What the task asks> Lines from the beginning of the entries up to and including the one with "unfolding S_def[symmetric]" must be duplicated word for word; leave out all others.

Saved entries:
● ● ● ● ●

lemma card_positions_le_straddling_loop:
  assumes lr: "loop_reduced g Z W" and g: "0 < g"
    and r: "r \<le> r'" "r' < length W" "W ! r \<in> Z" "W ! r = W ! r'"
    and b: "b < r" "W ! b = x" and a: "r' < a" "a < length W" "W ! a = x"
    and gap: "\<forall>k. b < k \<and> k < a \<longrightarrow> W ! k \<noteq> x"
  shows "card (positions W x - (if r = r' then {a} else {})) \<le> g"
proof -
  define S where "S = positions W x - (if r = r' then {a} else {})"
  txt \<open>psi closes the gap from b to a but keeps the loop from r to r', so the residues of two
    visits k1 < r < k2 differ by the length of the three loops (k1, b), (r, r') and (a, k2).\<close>
  define psi where "psi k = (if k < r then k else k + (r' - r) - (a - b))" for k
  have S: "k < length W" "W ! k = x" "k \<le> b \<or> a \<le> k" if "k \<in> S" for k
    using that gap unfolding S_def positions_def by (auto simp: not_le[symmetric])
  have r_len: "r < length W"
    using r by simp
  show ?thesis
    unfolding S_def[symmetric]
  proof (rule card_le_of_distinct_residues[OF g, where f = psi])
    fix k1 k2 assume k: "k1 \<in> S" "k2 \<in> S" "k1 < k2"
    have W_k: "W ! k1 = W ! k2" "k2 < length W"
      using S k by auto
    show "psi k1 mod g \<noteq> psi k2 mod g"
    proof
      assume eq: "psi k1 mod g = psi k2 mod g"
      consider "k2 \<le> b" | "a \<le> k1" | "k1 \<le> b" "a \<le> k2"
        using S(3)[OF k(1)] S(3)[OF k(2)] k(3) b(1) a(1) r(1) by linarith
      then show False
      proof cases
        case 1
        then have "k1 mod g = k2 mod g"
          using eq k(3) b(1) by (simp add: psi_def)
        then show False
          using loop_reducedD1[OF lr k(3) W_k(2) W_k(1) _ r_len r(3)] 1 b(1) by simp
      next
        case 2
        then have "psi k1 \<le> psi k2" "psi k2 - psi k1 = k2 - k1"
          using a(1) b(1) r(1) k(3) by (auto simp: psi_def)
        then have "k1 mod g = k2 mod g"
          using eq k(3) mod_eq_dvd_iff_nat[of "psi k1" "psi k2" g]
            mod_eq_dvd_iff_nat[of k1 k2 g] by simp
        then show False
          using loop_reducedD1[OF lr k(3) W_k(2) W_k(1) _ r_len r(3)] 2 a(1) r(1) by simp
      next
        case 3
        then have "psi k2 - psi k1 = (b - k1) + (r' - r) + (k2 - a)" "psi k1 \<le> psi k2"
          using b(1) a(1) r(1) by (auto simp: psi_def)
        then have dvd: "g dvd (b - k1) + (r' - r) + (k2 - a)"
          using eq mod_eq_dvd_iff_nat[of "psi k1" "psi k2" g] by simp
        have pos: "0 < (b - k1) + (r' - r) + (k2 - a)"
          using k(2) 3 r(1) unfolding S_def by (auto split: if_splits)
        have ends: "W ! k1 = W ! b" "W ! a = W ! k2"
          using S k a b by auto
        have "(k1 < r \<and> r \<le> b) \<or> (r < r \<and> r \<le> r') \<or> (a < r \<and> r \<le> k2)"
          by (rule loop_reducedD3[OF lr 3(1) less_imp_le[OF b(1)] r(1) less_imp_le[OF a(1)] 3(2)
              W_k(2) ends(1) r(4) ends(2) dvd pos r_len r(3)])
        then show False
          using b(1) a(1) r(1) by simp
      qed
    qed
  qed
qed

lemma card_positions_le_around_loop:
  assumes lr: "loop_reduced g Z W" and g: "0 < g"
    and r: "r \<le> r'" "r' < length W" "W ! r \<in> Z" "W ! r = W ! r'"
    and x: "\<forall>k. r \<le> k \<and> k \<le> r' \<longrightarrow> W ! k \<noteq> x"
  shows "card (positions W x) \<le> (if r = r' then Suc g else g)"
proof -
  define Bef where "Bef = {k \<in> positions W x. k < r}"
  define Aft where "Aft = {k \<in> positions W x. r' < k}"
  have side: "k < r \<or> r' < k" if "k \<in> positions W x" for k
    using x that not_le unfolding positions_def by blast
  show ?thesis
  proof (cases "Bef = {} \<or> Aft = {}")
    case True
    then have "(\<forall>k\<in>positions W x. r \<le> k) \<or> (\<forall>k\<in>positions W x. k < r)"
      using side r(1) unfolding Bef_def Aft_def by fastforce
    then show ?thesis
      using card_positions_le_one_side[OF lr g _ r(3), of x] r(1,2) by auto
  next
    case False
    define b where "b = Max Bef"
    define a where "a = Min Aft"
    have b: "b \<in> positions W x" "b < r" "\<And>k. k \<in> positions W x \<Longrightarrow> k < r \<Longrightarrow> k \<le> b"
      using False Max_in[of Bef] unfolding b_def Bef_def by auto
    have a: "a \<in> positions W x" "r' < a" "\<And>k. k \<in> positions W x \<Longrightarrow> r' < k \<Longrightarrow> a \<le> k"
      using False Min_in[of Aft] unfolding a_def Aft_def by auto
    have "\<forall>k. b < k \<and> k < a \<longrightarrow> W ! k \<noteq> x"
    proof (intro allI impI notI)
      fix k assume "b < k \<and> k < a" "W ! k = x"
      moreover have "k < length W"
        using calculation a(1) unfolding positions_def by auto
      ultimately show False
        using side[of k] a(3)[of k] b(3)[of k] unfolding positions_def by fastforce
    qed
    then have "card (positions W x - (if r = r' then {a} else {})) \<le> g"
      using card_positions_le_straddling_loop[OF lr g r, of b x a] a b
      unfolding positions_def by auto
    moreover have "card (positions W x) \<le> card (positions W x - (if r = r' then {a} else {})) +
        (if r = r' then 1 else 0)"
      using a(1) by (auto simp: card_Diff_singleton)
    ultimately show ?thesis
      by (auto split: if_splits)
  qed
qed

lemma card_positions_le:
  assumes lr: "loop_reduced g Z W" and g: "0 < g" and k0: "k0 < length W" "W ! k0 \<in> Z"
  shows "card (positions W x) \<le> (if x \<in> Z then g else Suc g)"
proof (cases "x \<in> Z")
  case True
  have "card (positions W x) \<le> g"
  proof (rule card_visits_le_girth[OF lr g subset_refl])
    fix a b assume "a \<in> positions W x" "a < b"
    then show "\<exists>k<length W. W ! k \<in> Z \<and> \<not> (a < k \<and> k \<le> b)"
      using True unfolding positions_def by blast
  qed
  then show ?thesis
    using True by simp
next
  case False
  then have "\<forall>k. k0 \<le> k \<and> k \<le> k0 \<longrightarrow> W ! k \<noteq> x"
    using k0(2) by (metis le_antisym)
  with False show ?thesis
    using card_positions_le_around_loop[OF lr g order_refl k0 refl, of x] by simp
qed

lemma card_positions_eq_if_long:
  assumes lr: "loop_reduced g Z W" and g: "0 < g" and k0: "k0 < length W" "W ! k0 \<in> Z"
    and Z: "Z \<subseteq> {..<n}" "card Z = g" and W: "\<forall>x\<in>set W. x < n"
    and long: "g * g + (n - g) * Suc g \<le> length W" and x: "x < n"
  shows "card (positions W x) = (if x \<in> Z then g else Suc g)"
proof -
  define bound where "bound x = (if x \<in> Z then g else Suc g)" for x
  have "(\<Sum>x<n. bound x) = (\<Sum>x\<in>Z. g) + (\<Sum>x\<in>{..<n} - Z. Suc g)"
    using Z(1) finite_subset[OF Z(1)] unfolding bound_def
    by (simp add: sum.subset_diff[of Z "{..<n}"] Int_absorb1 Diff_eq[symmetric])
  also have "\<dots> = g * g + (n - g) * Suc g"
    using Z finite_subset[OF Z(1)] by (simp add: card_Diff_subset)
  also have "\<dots> \<le> (\<Sum>x<n. card (positions W x))"
    using long length_eq_sum_card_positions[OF W] by simp
  finally have "(\<Sum>x<n. card (positions W x)) = (\<Sum>x<n. bound x)"
    using sum_mono[of "{..<n}" "\<lambda>x. card (positions W x)" bound]
      card_positions_le[OF lr g k0] unfolding bound_def by fastforce
  then show ?thesis
    using sum_mono_inv[of "\<lambda>x. card (positions W x)" "{..<n}" bound x]
      card_positions_le[OF lr g k0] x unfolding bound_def by simp
qed

lemma visits_enclosed:
  assumes lr: "loop_reduced g Z W" and g: "0 < g" and j: "j \<notin> Z"
    and cj: "card (positions W j) = Suc g" and r: "r < length W" "W ! r \<in> Z"
  shows "(\<exists>p<r. W ! p = j) \<and> (\<exists>q. r < q \<and> q < length W \<and> W ! q = j)"
proof (intro conjI; rule ccontr)
  assume "\<not> (\<exists>p<r. W ! p = j)"
  then have "\<forall>k\<in>positions W j. r \<le> k"
    unfolding positions_def using not_le by blast
  then show False
    using card_positions_le_one_side[OF lr g r, of j] cj by simp
next
  assume none: "\<not> (\<exists>q. r < q \<and> q < length W \<and> W ! q = j)"
  have "k < r" if "k \<in> positions W j" for k
  proof -
    have "\<not> r < k" "k \<noteq> r"
      using that none j r unfolding positions_def by auto
    then show ?thesis
      by simp
  qed
  then show False
    using card_positions_le_one_side[OF lr g r, of j] cj by auto
qed

lemma visit_between_returns:
  assumes lr: "loop_reduced g Z W" and g: "0 < g" and j: "j \<notin> Z"
    and cj: "card (positions W j) = Suc g"
    and r: "r < r'" "r' < length W" "W ! r \<in> Z" "W ! r = W ! r'"
  shows "\<exists>k. r < k \<and> k < r' \<and> W ! k = j"
proof (rule ccontr)
  assume "\<not> (\<exists>k. r < k \<and> k < r' \<and> W ! k = j)"
  then have "\<forall>k. r \<le> k \<and> k \<le> r' \<longrightarrow> W ! k \<noteq> j"
    using j r by (metis le_neq_implies_less)
  then have "card (positions W j) \<le> g"
    using card_positions_le_around_loop[OF lr g less_imp_le[OF r(1)] r(2-4)] r(1) by simp
  then show False
    using cj by simp
qed

lemma visit_after_non_last_visit:
  assumes lr: "loop_reduced g Z W" and g: "0 < g" and i: "i \<in> Z" and j: "j \<notin> Z"
    and cj: "card (positions W j) = Suc g" and ci: "card (positions W i) = g"
    and p: "p \<in> positions W j" "p \<noteq> Max (positions W j)"
  shows "\<exists>r. p < r \<and> r < length W \<and> W ! r = i \<and> (\<forall>k. p < k \<and> k < r \<longrightarrow> W ! k \<noteq> j)"
proof -
  define P where "P = positions W j"
  define Q where "Q = positions W i"
  define last_j where "last_j r = Max {p \<in> P. p < r}" for r
  have last_j: "last_j r \<in> P" "last_j r < r" "\<And>p. p \<in> P \<Longrightarrow> p < r \<Longrightarrow> p \<le> last_j r"
    if "r \<in> Q" for r
  proof -
    have "{p \<in> P. p < r} \<noteq> {}"
      using visits_enclosed[OF lr g j cj, of r] that i unfolding P_def Q_def positions_def by auto
    then show "last_j r \<in> P" "last_j r < r" "\<And>p. p \<in> P \<Longrightarrow> p < r \<Longrightarrow> p \<le> last_j r"
      using Max_in[of "{p \<in> P. p < r}"] unfolding last_j_def P_def by auto
  qed
  txt \<open>last_j maps the g visits of i injectively into the g visits of j other than the last
    one, hence onto them.\<close>
  have "inj_on last_j Q"
  proof (rule inj_onI, rule ccontr)
    fix r1 r2 assume r: "r1 \<in> Q" "r2 \<in> Q" "last_j r1 = last_j r2" "r1 \<noteq> r2"
    have no_j: False if rr: "r1 \<in> Q" "r2 \<in> Q" "r1 < r2" "last_j r1 = last_j r2" for r1 r2
    proof -
      obtain k where k: "r1 < k" "k < r2" "W ! k = j"
        using visit_between_returns[OF lr g j cj \<open>r1 < r2\<close>] rr i
        unfolding Q_def positions_def by auto
      then have "k \<in> P"
        using rr(2) unfolding P_def Q_def positions_def by auto
      then show False
        using k last_j[OF rr(1)] last_j(3)[OF rr(2)] rr(4) by fastforce
    qed
    show False
      using r no_j[of r1 r2] no_j[of r2 r1] by (metis linorder_neqE_nat)
  qed
  moreover have "last_j ` Q \<subseteq> P - {Max P}"
  proof
    fix p' assume "p' \<in> last_j ` Q"
    then obtain r where r: "r \<in> Q" "p' = last_j r"
      by blast
    obtain q' where "r < q'" "q' \<in> P"
      using visits_enclosed[OF lr g j cj, of r] r(1) i unfolding P_def Q_def positions_def by auto
    moreover have "q' \<le> Max P"
      using \<open>q' \<in> P\<close> unfolding P_def by simp
    ultimately show "p' \<in> P - {Max P}"
      using last_j[OF r(1)] r(2) by auto
  qed
  moreover have "card (P - {Max P}) = card Q"
  proof -
    have "P \<noteq> {}"
      using cj unfolding P_def by auto
    then have "Max P \<in> P"
      unfolding P_def by simp
    then show ?thesis
      using cj ci unfolding P_def Q_def by (simp add: card_Diff_singleton)
  qed
  ultimately have "last_j ` Q = P - {Max P}"
    by (metis card_image card_subset_eq finite_Diff finite_positions P_def)
  then obtain r where r: "r \<in> Q" "p = last_j r"
    using p unfolding P_def by blast
  have "r < length W"
    using r(1) unfolding Q_def positions_def by simp
  then have "\<forall>k. p < k \<and> k < r \<longrightarrow> W ! k \<noteq> j"
    using last_j(3)[OF r(1)] r(2) unfolding P_def positions_def by (auto simp: not_le[symmetric])
  then show ?thesis
    using last_j[OF r(1)] r unfolding Q_def positions_def by auto
qed
text \<open>A pseudo orbit x of f2 lifts to the F-pseudo orbit {x 0}, {c, x 1}, {c, x 2}, ...: since f1 collapses
  everything onto the common fixed point c, F maps {c, x n} to {c, f2 (x n)} and the F-orbit of y is
  {c, f2^n y}. For doubletons sharing the point c, the Hausdorff distance is at most the distance of
  the other points and at least half of it, so shadowing (in the mean or not) transfers from F to f2
  at the cost of a factor 2.\<close>

lemma infdist_doubleton: "infdist x {a, b} = min (dist x a) (dist x b)"
  using infdist_Un_min[of "{a}" "{b}" x] by (simp add: insert_is_Un[of a "{b}"])

lemma SUP_doubleton: "(SUP u\<in>{p, q}. (g u :: real)) = max (g p) (g q)"
  by (simp add: cSup_insert sup_max)

lemma hdist_singletons: "hdist {a} {b} = dist a b"
  unfolding hdist_def by (simp add: dist_commute)

lemma hdist_doubletons_common:
  "hdist {c, a} {c, b} = max (min (dist a c) (dist a b)) (min (dist b c) (dist b a))"
  unfolding hdist_def SUP_doubleton infdist_doubleton by (simp add: max_def min_def)

lemma hdist_doubletons_common_le: "hdist {c, a} {c, b} \<le> dist a b"
  unfolding hdist_doubletons_common by (simp add: dist_commute)

lemma dist_le_2_hdist_doubletons_common: "dist a b \<le> 2 * hdist {c, a} {c, b}"
proof -
  let ?H = "hdist {c, a} {c, b}"
  have a: "min (dist a c) (dist a b) \<le> ?H" and b: "min (dist b c) (dist a b) \<le> ?H"
    unfolding hdist_doubletons_common by (simp_all add: dist_commute)
  show ?thesis
  proof (cases "dist a b \<le> ?H")
    case True
    then show ?thesis using zero_le_dist[of a b] by linarith
  next
    case False
    then have "dist a c \<le> ?H" "dist b c \<le> ?H"
      using a b by (auto simp: min_def split: if_splits)
    moreover have "dist a b \<le> dist a c + dist b c"
      using dist_triangle[of a b c] by (simp add: dist_commute)
    ultimately show ?thesis by linarith
  qed
qed

lemma limsup_less_if_le_2_mult:
  fixes u v :: "nat \<Rightarrow> real"
  assumes "\<And>n. u n \<le> 2 * v n" and "limsup (\<lambda>n. ereal (v n)) < ereal (\<epsilon> / 2)"
  shows "limsup (\<lambda>n. ereal (u n)) < ereal \<epsilon>"
proof -
  have "limsup (\<lambda>n. ereal (u n)) \<le> limsup (\<lambda>n. ereal 2 * ereal (v n))"
    by (rule Limsup_mono) (use assms(1) in simp)
  also have "\<dots> = ereal 2 * limsup (\<lambda>n. ereal (v n))"
    by (rule limsup_ereal_mult_left) simp
  also have "\<dots> < ereal \<epsilon>"
    using assms(2) by (cases "limsup (\<lambda>n. ereal (v n))") auto
  finally show ?thesis .
qed

definition lift_orbit :: "'a \<Rightarrow> (nat \<Rightarrow> 'a) \<Rightarrow> nat \<Rightarrow> 'a set" where
  "lift_orbit c x n = (if n = 0 then {x 0} else {c, x n})"

locale collapsing_pair =
  fixes X :: "'a::metric_space set" and f1 f2 :: "'a \<Rightarrow> 'a" and c :: 'a
  assumes c_in: "c \<in> X" and f1_const: "\<forall>x\<in>X. f1 x = c" and f2_fix: "f2 c = c"
    and f2_maps: "f2 ` X \<subseteq> X"
begin

lemma funpow_f2_in: "y \<in> X \<Longrightarrow> (f2 ^^ n) y \<in> X"
  by (induction n) (use f2_maps in auto)
(* Let $A\in\mathbb{R}^{m\times n}$ and $b\in\mathbb{R}^m$ be such that $S_+=\{z\in\mathbb{R}^n_+ : Az=b\}$ is nonempty, and let $x_0\in\mathbb{R}^n_{++}$. Let $(x_k)$ be generated by ("Hadamard descent+") $$\alpha_k=\min\left\{\frac{f(x_k)}{\|\nabla f(x_k)\|^2_{x_k}},\ \frac{1.79}{\|\nabla f(x_k)\|_\infty}\right\},\qquad x_{k+1}=x_k\circ\big(\mathbf{1}-\alpha_k\nabla f(x_k)+\alpha_k^2\nabla f(x_k)^2\big),$$ with $f(x)=\frac12\|Ax-b\|_2^2$ (if $\nabla f(x_k)=0$ the sequence is kept constant from then on). Then $(x_k)$ converges to some $x^*\in S_+$, and for all $k\ge0$ $$\min_{0\le i\le k} f(x_i)\le \frac{4R\,(R+\|x^*\|_1)\max_{j\le n}\|A_{:j}\|_2^2}{k+1},\qquad R=D_h(x^*,x_0).$$
   Context: $\mathbb{R}^n_{++}$ is the strictly positive orthant; $\circ$ is componentwise multiplication and $\nabla f(x_k)^2$ is the componentwise square; $\mathbf{1}$ the all-ones vector; $\nabla f(x)=A^\top(Ax-b)$; $\|v\|_x^2=\sum_i x_iv_i^2$; $A_{:j}$ is the $j$-th column of $A$. $h(x)=\sum_i x_i(\log x_i-1)$ (with $0\log0=0$) and $D_h(x,y)=\sum_i\big(x_i\log\frac{x_i}{y_i}-x_i+y_i\big)$ for $x\in\mathbb{R}^n_+$, $y\in\mathbb{R}^n_{++}$. *)

theory Defs
  imports "HOL-Analysis.Analysis"
begin

definition lsq_f :: "real^'n^'m \<Rightarrow> real^'m \<Rightarrow> real^'n \<Rightarrow> real" where
  "lsq_f A b x = (1/2) * (norm (A *v x - b))\<^sup>2"

definition lsq_grad :: "real^'n^'m \<Rightarrow> real^'m \<Rightarrow> real^'n \<Rightarrow> real^'n" where
  "lsq_grad A b x = transpose A *v (A *v x - b)"

definition local_norm_sq :: "real^'n \<Rightarrow> real^'n \<Rightarrow> real" where
  "local_norm_sq x v = (\<Sum>i\<in>UNIV. x$i * (v$i)\<^sup>2)"

definition sup_norm :: "real^'n \<Rightarrow> real" where
  "sup_norm v = Max ((\<lambda>i. \<bar>v$i\<bar>) ` UNIV)"

definition one_norm :: "real^'n \<Rightarrow> real" where
  "one_norm v = (\<Sum>i\<in>UNIV. \<bar>v$i\<bar>)"

definition hd_step_size :: "real^'n^'m \<Rightarrow> real^'m \<Rightarrow> real^'n \<Rightarrow> real" where
  "hd_step_size A b x =
     min (lsq_f A b x / local_norm_sq x (lsq_grad A b x)) (1.79 / sup_norm (lsq_grad A b x))"

definition hd_update :: "real^'n^'m \<Rightarrow> real^'m \<Rightarrow> real^'n \<Rightarrow> real^'n" where
  "hd_update A b x =
     (if lsq_grad A b x = 0 then x
      else (let g = lsq_grad A b x; a = hd_step_size A b x
            in \<chi> i. x$i * (1 - a * g$i + a\<^sup>2 * (g$i)\<^sup>2)))"

text \<open>Bregman divergence of the entropy h(x) = sum x_i (log x_i - 1); note 0 * ln(0/y) = 0 in HOL,
  matching the convention 0 log 0 = 0.\<close>
definition bregman_ent :: "real^'n \<Rightarrow> real^'n \<Rightarrow> real" where
  "bregman_ent x y = (\<Sum>i\<in>UNIV. x$i * ln (x$i / y$i) - x$i + y$i)"

definition max_col_norm_sq :: "real^'n^'m \<Rightarrow> real" where
  "max_col_norm_sq A = Max ((\<lambda>j. \<Sum>i\<in>UNIV. (A$i$j)\<^sup>2) ` UNIV)"

definition feasible_set :: "real^'n^'m \<Rightarrow> real^'m \<Rightarrow> (real^'n) set" where
  "feasible_set A b = {z. (\<forall>i. z$i \<ge> 0) \<and> A *v z = b}"

end

theory Submission
  imports Defs
begin

text \<open>The entropic Bregman divergence D(z, x_k) to any feasible point z is a Lyapunov function.
  Since |a_k g_i| \<le> 1.79, the factor 1 - t + t^2 of the update dominates exp(-t), so one step
  decreases D(z, -) by at least a_k (2 f(x_k)) - a_k^2 ||g||_{x_k}^2 \<ge> a_k f(x_k).
  The iterates stay in the bounded set {x. D(z, x) \<le> R}, on which both step size candidates are
  at least 1 / (4 L (R + ||z||_1)); telescoping gives the rate.  Hence f is summable, a limit point
  x* of the bounded iterates is feasible, and D(x*, x_k), being nonincreasing and tending to 0
  along a subsequence, tends to 0, which forces x_k \<rightarrow> x*.\<close>

subsection \<open>Scalar inequalities\<close>

lemma exp_179_le: "exp (179/100::real) \<le> 59941/10000"
proof -
  define x :: real where "x = 179/100"
  obtain t where t: "\<bar>t\<bar> \<le> \<bar>x\<bar>" "exp x = (\<Sum>m<10. x ^ m / fact m) + exp t / fact 10 * x ^ 10"
    using Maclaurin_exp_le[of x 10] by blast
  have "exp t \<le> exp x" using t(1) by (simp add: x_def)
  hence "exp t / fact 10 * x ^ 10 \<le> exp x / fact 10 * x ^ 10"
    by (intro mult_right_mono divide_right_mono) (auto simp: x_def)
  hence "exp x \<le> (\<Sum>m<10. x ^ m / fact m) + exp x / fact 10 * x ^ 10"
    using t(2) by linarith
  hence "exp x * (1 - x ^ 10 / fact 10) \<le> (\<Sum>m<10. x ^ m / fact m)"
    by (simp add: algebra_simps)
  also have "(\<Sum>m<10. x ^ m / fact m) = (\<Sum>m\<in>{0,1,2,3,4,5,6,7,8,9}. x ^ m / fact m)"
    by (rule sum.cong) auto
  also have "\<dots> \<le> 59894/10000"
    by (simp add: x_def fact_numeral power_divide)
  finally have upper: "exp x * (1 - x ^ 10 / fact 10) \<le> 59894/10000" .
  have "x ^ 10 / fact 10 \<le> 1/10000"
    by (simp add: x_def fact_numeral power_divide)
  hence "exp x * (9999/10000) \<le> exp x * (1 - x ^ 10 / fact 10)"
    by (intro mult_left_mono) auto
  hence "exp x * (9999/10000) \<le> 59894/10000" using upper by (rule order_trans)
  thus ?thesis unfolding x_def by simp
qed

● ● ● ● ●

Answer space>
lemma card_positions_le_straddling_loop:
  assumes lr: "loop_reduced g Z W" and g: "0 < g"
    and r: "r \<le> r'" "r' < length W" "W ! r \<in> Z" "W ! r = W ! r'"
    and b: "b < r" "W ! b = x" and a: "r' < a" "a < length W" "W ! a = x"
    and gap: "\<forall>k. b < k \<and> k < a \<longrightarrow> W ! k \<noteq> x"
  shows "card (positions W x - (if r = r' then {a} else {})) \<le> g"
proof -
  define S where "S = positions W x - (if r = r' then {a} else {})"
  txt \<open>psi closes the gap from b to a but keeps the loop from r to r', so the residues of two
    visits k1 < r < k2 differ by the length of the three loops (k1, b), (r, r') and (a, k2).\<close>
  define psi where "psi k = (if k < r then k else k + (r' - r) - (a - b))" for k
  have S: "k < length W" "W ! k = x" "k \<le> b \<or> a \<le> k" if "k \<in> S" for k
    using that gap unfolding S_def positions_def by (auto simp: not_le[symmetric])
  have r_len: "r < length W"
    using r by simp
  show ?thesis
    unfolding S_def[symmetric]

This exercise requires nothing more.